Some will be quick to criticize the FBI for not taking further action after briefly investigating Rahani two years ago. But the truth is that the challenge for law enforcement is immense. Increasingly, U.S. counterterrorism officials view the terrorist threat as a spectrum, from inspired individuals acting alone to terrorist operatives acting at the direct orders of Islamic State leaders in Syria. But rarely are cases clearly at one end of the spectrum or another. “More often than not,” National Counterterrorism Center Director Nicholas Rasmussen explains, “we observe a fluid picture where individuals operate somewhere between the two extremes.”
“We are looking for needles in a nationwide haystack,” FBI Director James Comey testified in July, “but even more challenging, we are also called upon to figure out which pieces of hay might someday become needles.

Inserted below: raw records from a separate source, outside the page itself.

lemma products_regroup_right:
  assumes assoc: "is_assoc_alg n gam"
    and x: "x \<in> apow n gam a" and y: "y \<in> vspan n (products n gam (apow n gam c) (apow n gam d))"
    and "1 \<le> a" "1 \<le> c"
  shows "amul n gam x y \<in> vspan n (products n gam (apow n gam (a + c)) (apow n gam d))"
proof (rule amul_vspan_right[OF products_subset_carrier is_subspace_vspan[OF products_subset_carrier]
      _ y])
  fix u assume "u \<in> products n gam (apow n gam c) (apow n gam d)"
  then obtain u1 u2 where u: "u = amul n gam u1 u2" "u1 \<in> apow n gam c" "u2 \<in> apow n gam d"
    unfolding products_def by blast
  then have "amul n gam x u = amul n gam (amul n gam x u1) u2"
    using x apow_subset_carrier by (auto intro!: amul_assoc[OF assoc, symmetric])
  moreover have "amul n gam x u1 \<in> apow n gam (a + c)"
    using u x assms by (intro apow_mul) auto
  ultimately have "amul n gam x u \<in> products n gam (apow n gam (a + c)) (apow n gam d)"
    using u(3) amul_in_products by metis
  then show "amul n gam x u \<in> vspan n (products n gam (apow n gam (a + c)) (apow n gam d))"
    using vspan_superset[OF products_subset_carrier] by blast
qed

text \<open>Strong induction on \<open>M\<close>: in a generator \<open>x y\<close> of \<open>A\<^sup>M\<close> with \<open>x \<in> A\<^sup>a\<close>, split \<open>x\<close>
  (if \<open>k < a\<close>) or \<open>y\<close> (if \<open>a < k\<close>) by the induction hypothesis and regroup.\<close>
lemma apow_subset_vspan_products:
  assumes assoc: "is_assoc_alg n gam" and "1 \<le> k" "k < M"
  shows "apow n gam M \<subseteq> vspan n (products n gam (apow n gam k) (apow n gam (M - k)))"
  using assms(2,3)
proof (induction M arbitrary: k rule: less_induct)
  case (less M)
  let ?S = "\<lambda>k l. vspan n (products n gam (apow n gam k) (apow n gam l))"
  have "amul n gam x y \<in> ?S k (M - k)" if a: "1 \<le> a" "a < M" and x: "x \<in> apow n gam a"
    and y: "y \<in> apow n gam (M - a)" for a x y
  proof -
    consider "a = k" | "k < a" | "a < k" by linarith
    then show ?thesis
    proof cases
      case 1
      then show ?thesis
        using x y vspan_superset[OF products_subset_carrier] amul_in_products by blast
    next
      case 2
      have "apow n gam a \<subseteq> ?S k (a - k)"
        by (rule less.IH) (use a 2 less.prems in auto)
      then have "amul n gam x y \<in> ?S k (a - k + (M - a))"
        using x y a 2 by (intro products_regroup_left[OF assoc]) auto
      moreover have "a - k + (M - a) = M - k" using a 2 by simp
      ultimately show ?thesis by simp
    next
      case 3
      have "apow n gam (M - a) \<subseteq> ?S (k - a) (M - a - (k - a))"
        by (rule less.IH) (use a 3 less.prems in auto)
      then have "amul n gam x y \<in> ?S (a + (k - a)) (M - a - (k - a))"
        using x y a 3 by (intro products_regroup_right[OF assoc]) auto
      moreover have "a + (k - a) = k" "M - a - (k - a) = M - k" using a 3 less.prems by auto
      ultimately show ?thesis by simp
    qed
  qed
  then have "(\<Union>a\<in>{1..<M}. products n gam (apow n gam a) (apow n gam (M - a))) \<subseteq> ?S k (M - k)"
    unfolding products_def by force
  then show ?case
    using less.prems vspan_minimal[OF _ is_subspace_vspan[OF products_subset_carrier]]
    by (subst apow_eq_vspan_products) simp_all
qed

section \<open>Naturally graded algebras with a homogeneous basis\<close>

locale graded_algebra =
  fixes n :: nat and gam :: "nat \<Rightarrow> nat \<Rightarrow> nat \<Rightarrow> complex" and G :: "nat \<Rightarrow> complex vec set"
  assumes assoc: "is_assoc_alg n gam"
    and nilpotent: "is_nilpotent_alg n gam"
    and grading: "is_natural_grading n gam G"
begin

lemma component_subspace: "1 \<le> i \<Longrightarrow> is_subspace n (G i)"
  using grading unfolding is_natural_grading_def by simp

lemma components_independent:
  assumes "finite F" "F \<subseteq> {1..}" "\<And>i. i \<in> F \<Longrightarrow> v i \<in> G i"
    and "finsum_vec TYPE(complex) n v F = 0\<^sub>v n" "i \<in> F"
  shows "v i = 0\<^sub>v n"
proof -
  have "\<forall>F v. finite F \<and> F \<subseteq> {1..} \<and> (\<forall>i\<in>F. v i \<in> G i) \<and>
      finsum_vec TYPE(complex) n v F = 0\<^sub>v n \<longrightarrow> (\<forall>i\<in>F. v i = 0\<^sub>v n)"
    using grading unfolding is_natural_grading_def by simp
  then show ?thesis using assms by blast
qed

lemma component_eq_of_finsum:
  assumes D: "finite D" "D \<subseteq> {1..}" "i \<in> D" and y: "\<And>d. d \<in> D \<Longrightarrow> y d \<in> G d"
    and x: "x \<in> G i" "x = finsum_vec TYPE(complex) n y D"
  shows "y i = x"
proof -
  define v where "v d = (if d = i then y d + (-1) \<cdot>\<^sub>v x else y d)" for d
  have sub: "is_subspace n (G d)" if "d \<in> D" for d
    using that D(2) component_subspace by auto
  have y_carrier: "y d \<in> carrier_vec n" if "d \<in> D" for d
    using subspace_subset_carrier[OF sub[OF that]] y[OF that] by blast
  have x_carrier: "x \<in> carrier_vec n"
    using subspace_subset_carrier[OF sub[OF D(3)]] x(1) by blast
  have v: "v d \<in> G d" if "d \<in> D" for d
    using y[OF that] x(1) sub[OF that]
    by (cases "d = i") (simp_all add: v_def subspace_add subspace_smult)
  have v_carrier: "v d \<in> carrier_vec n" if "d \<in> D" for d
    using subspace_subset_carrier[OF sub[OF that]] v[OF that] by blast
  have "finsum_vec TYPE(complex) n v D = 0\<^sub>v n"
  proof (rule eq_vecI)
    fix k assume "k < dim_vec (0\<^sub>v n :: complex vec)"
    then have k: "k < n" by simp
    have "finsum_vec TYPE(complex) n v D $ k = (\<Sum>d\<in>D. v d $ k)"
      using D(1) k v_carrier by (intro index_finsum_vec) auto
    also have "\<dots> = (\<Sum>d\<in>D. y d $ k - (if d = i then x $ k else 0))"
      using k y_carrier x_carrier by (intro sum.cong) (auto simp: v_def)
    also have "\<dots> = (\<Sum>d\<in>D. y d $ k) - x $ k"
      using D(1,3) by (simp add: sum_subtractf)
    also have "(\<Sum>d\<in>D. y d $ k) = x $ k"
      unfolding x(2) using D(1) k y_carrier by (intro index_finsum_vec[symmetric]) auto
    finally show "finsum_vec TYPE(complex) n v D $ k = 0\<^sub>v n $ k" using k by simp
  next
    have "finsum_vec TYPE(complex) n v D \<in> carrier_vec n"
      using v_carrier by (intro finsum_vec_closed) auto
    then show "dim_vec (finsum_vec TYPE(complex) n v D) = dim_vec (0\<^sub>v n :: complex vec)"
      by simp
  qed
  then have "v i = 0\<^sub>v n"
    using components_independent[OF D(1,2) v] D(3) by blast
  then have "y i + (-1) \<cdot>\<^sub>v x = 0\<^sub>v n"
    by (simp add: v_def)
  then show "y i = x"
    using y_carrier[OF D(3)] x_carrier by (rule vec_eq_of_add_neg[rotated 2])
qed

lemma apow_eq_vspan_components: "1 \<le> m \<Longrightarrow> apow n gam m = vspan n (\<Union>i\<in>{m..}. G i)"
  using grading unfolding is_natural_grading_def by simp

lemma components_subset_carrier: "1 \<le> m \<Longrightarrow> (\<Union>i\<in>{m..}. G i) \<subseteq> carrier_vec n"
  by (intro UN_least subspace_subset_carrier component_subspace) auto

lemma component_subset_apow:
  assumes "1 \<le> m" "m \<le> i"
  shows "G i \<subseteq> apow n gam m"
proof -
  have "G i \<subseteq> (\<Union>i\<in>{m..}. G i)" using assms(2) by auto
  also have "\<dots> \<subseteq> vspan n (\<Union>i\<in>{m..}. G i)"
    by (rule vspan_superset[OF components_subset_carrier[OF assms(1)]])
  finally show ?thesis by (simp add: apow_eq_vspan_components[OF assms(1)])
qed

lemma apow_antimono:
  assumes "1 \<le> m" "m \<le> M"
  shows "apow n gam M \<subseteq> apow n gam m"
proof -
  have "1 \<le> M" using assms by simp
  show ?thesis
    unfolding apow_eq_vspan_components[OF assms(1)] apow_eq_vspan_components[OF \<open>1 \<le> M\<close>]
    by (rule vspan_mono) (use assms(2) in force)
qed

lemma apow_eventually_zero: "\<exists>i0. \<forall>M\<ge>i0. apow n gam M \<subseteq> {0\<^sub>v n}"
proof -
  obtain i0 where i0: "1 \<le> i0" "apow n gam i0 = {0\<^sub>v n}"
    using nilpotent unfolding is_nilpotent_alg_def by blast
  then have "apow n gam M \<subseteq> {0\<^sub>v n}" if "i0 \<le> M" for M
    using apow_antimono[OF i0(1) that] by simp
  then show ?thesis by blast
qed

end

locale homogeneous_basis = graded_algebra +
  fixes B :: "nat \<Rightarrow> complex vec" and dg :: "nat \<Rightarrow> nat"
  assumes basis: "is_basis n B"
    and degree_pos: "t < n \<Longrightarrow> 1 \<le> dg t"
    and homogeneous: "t < n \<Longrightarrow> B t \<in> G (dg t)"
begin

lemma basis_carrier: "t < n \<Longrightarrow> B t \<in> carrier_vec n"
  by (rule basis_carrier_vec[OF basis])

lemma basis_in_apow: "t < n \<Longrightarrow> 1 \<le> m \<Longrightarrow> m \<le> dg t \<Longrightarrow> B t \<in> apow n gam m"
  using homogeneous component_subset_apow by blast

text \<open>Grouping the basis expansion of \<open>x \<in> G\<^sub>i\<close> by degree writes \<open>x\<close> as a sum of homogeneous
  parts, and by independence of the components \<open>x\<close> is its part of degree \<open>i\<close>.\<close>
lemma component_subset_vspan_basis:
  assumes i: "1 \<le> i" and x: "x \<in> G i"
  shows "x \<in> vspan n (B ` {t. t < n \<and> dg t = i})"
proof -
  have "x \<in> carrier_vec n"
    using x subspace_subset_carrier[OF component_subspace[OF i]] by blast
  then obtain c where c: "x = basis_comb n B c"
    using basis_spans[OF basis] by blast
  define part where
    "part d = finsum_vec TYPE(complex) n (\<lambda>t. c t \<cdot>\<^sub>v B t) {t \<in> {..<n}. dg t = d}" for d
  define D where "D = insert i (dg ` {..<n})"
  have D: "finite D" "D \<subseteq> {1..}" "i \<in> D"
    unfolding D_def using i degree_pos by auto
  have "x = finsum_vec TYPE(complex) n part D"
    unfolding c part_def D_def using basis_carrier by (intro finsum_smult_group) auto
  moreover have "part d \<in> G d" if "d \<in> D" for d
    unfolding part_def using homogeneous D(2) that
    by (intro subspace_finsum_smult[OF component_subspace]) auto
  ultimately have "part i = x"
    using component_eq_of_finsum[OF D, of part x] x by blast
  moreover have carrier: "B ` {t. t < n \<and> dg t = i} \<subseteq> carrier_vec n"
    using basis_carrier by blast
  ultimately show ?thesis
    unfolding part_def using vspan_superset[OF carrier]
    by (auto intro!: subspace_finsum_smult[OF is_subspace_vspan[OF carrier]])
qed

lemma apow_subset_vspan_basis:
  assumes m: "1 \<le> m"
  shows "apow n gam m \<subseteq> vspan n (B ` {t. t < n \<and> m \<le> dg t})"
proof -
  have carrier: "B ` {t. t < n \<and> m \<le> dg t} \<subseteq> carrier_vec n"
    using basis_carrier by blast
  have "G i \<subseteq> vspan n (B ` {t. t < n \<and> m \<le> dg t})" if "m \<le> i" for i
  proof
    fix x assume "x \<in> G i"
    then have "x \<in> vspan n (B ` {t. t < n \<and> dg t = i})"
      using m that by (intro component_subset_vspan_basis) auto
    also have "\<dots> \<subseteq> vspan n (B ` {t. t < n \<and> m \<le> dg t})"
      using that by (intro vspan_mono) auto
    finally show "x \<in> vspan n (B ` {t. t < n \<and> m \<le> dg t})" .
  qed
  then have "(\<Union>i\<in>{m..}. G i) \<subseteq> vspan n (B ` {t. t < n \<and> m \<le> dg t})"
    by blast
  then show ?thesis
    unfolding apow_eq_vspan_components[OF m]
    by (rule vspan_minimal[OF _ is_subspace_vspan[OF carrier]])
qed

end

text \<open>The chain \<open>e\<^sub>1, ..., e\<^sub>N\<close> of the theorem is \<open>B 0, ..., B (N - 1)\<close> (indices shifted by one),
  and \<open>chain_tail m\<close> is the span of \<open>e\<^sub>m, ..., e\<^sub>N\<close>.\<close>
locale chain_basis = homogeneous_basis +
  fixes N :: nat
  assumes chain_length: "N \<le> n"
    and chain_degree: "t < N \<Longrightarrow> dg t = Suc t"
    and chain_mul: "t < n \<Longrightarrow> amul n gam (B 0) (B t) = (if Suc t < N then B (Suc t) else 0\<^sub>v n)"
begin

definition chain_tail :: "nat \<Rightarrow> complex vec set"
  where "chain_tail m = vspan n (B ` {t. t < N \<and> m \<le> Suc t})"

lemma chain_tail_subspace: "is_subspace n (chain_tail m)"
  unfolding chain_tail_def using chain_length basis_carrier by (intro is_subspace_vspan) auto

lemma chain_tail_antimono: "m \<le> m' \<Longrightarrow> chain_tail m' \<subseteq> chain_tail m"
  unfolding chain_tail_def by (intro vspan_mono) auto

lemma basis_in_chain_tail:
  assumes "t < N" "m \<le> Suc t"
  shows "B t \<in> chain_tail m"
proof -
  have "B ` {t. t < N \<and> m \<le> Suc t} \<subseteq> carrier_vec n"
    using chain_length basis_carrier by auto
  then show ?thesis
    unfolding chain_tail_def using vspan_superset assms by blast
qed

lemma chain_head_mul_apow:
  assumes "1 \<le> b" "y \<in> apow n gam b"
  shows "amul n gam (B 0) y \<in> chain_tail (Suc b)"
proof (rule amul_vspan_right[OF _ chain_tail_subspace])
  show "B ` {t. t < n \<and> b \<le> dg t} \<subseteq> carrier_vec n" using basis_carrier by blast
  show "y \<in> vspan n (B ` {t. t < n \<and> b \<le> dg t})"
    using apow_subset_vspan_basis assms by blast
next
  fix y assume "y \<in> B ` {t. t < n \<and> b \<le> dg t}"
  then obtain t where t: "t < n" "b \<le> dg t" "y = B t" by blast
  show "amul n gam (B 0) y \<in> chain_tail (Suc b)"
  proof (cases "Suc t < N")
    case True
    then have "amul n gam (B 0) y = B (Suc t)" using t chain_mul by simp
    moreover have "Suc b \<le> Suc (Suc t)" using t(2) chain_degree[of t] True by simp
    ultimately show ?thesis using True basis_in_chain_tail by simp
  next
    case False
    then have "amul n gam (B 0) y = 0\<^sub>v n" using t chain_mul by simp
    then show ?thesis using subspace_zero[OF chain_tail_subspace] by simp
  qed
qed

That is hard work, and it is the particular challenge of identifying homegrown violent extremists.” Determining whether Rahani was already radicalized two years ago or if that only happened later is sure to be a central part of the FBI’s post-bombing investigation.
As the investigation unfolds it will quickly become clear whether Rahani was radicalized over a long period or, as is now frequently the case, converted to radicalization in a quick and concentrated process. “We knew of several Paris-related suspects before,” a Belgian police officer told me just days before the Brussels bombings in March, “but not for terrorism reasons, just petty crime and small incidents.”
We will also learn whether he qualifies as a homegrown violent extremist whose radicalization process started in the United States, or if he was exposed to radicalism only on his trips abroad. Most critically, authorities will determine whether he carried out the attacks on his own, or if he received assistance from others here in the United States or abroad.
Rahani may turn out to be a lone offender, but he is unlikely to be a truly lone wolf. In all likelihood, he too will fall somewhere in the middle of the fluid terrorist spectrum. And given the evidence available so far, he may have more to do with al Qaeda — the persistent terrorist group many have already forgotten — than the still dangerous but now decaying Islamic State.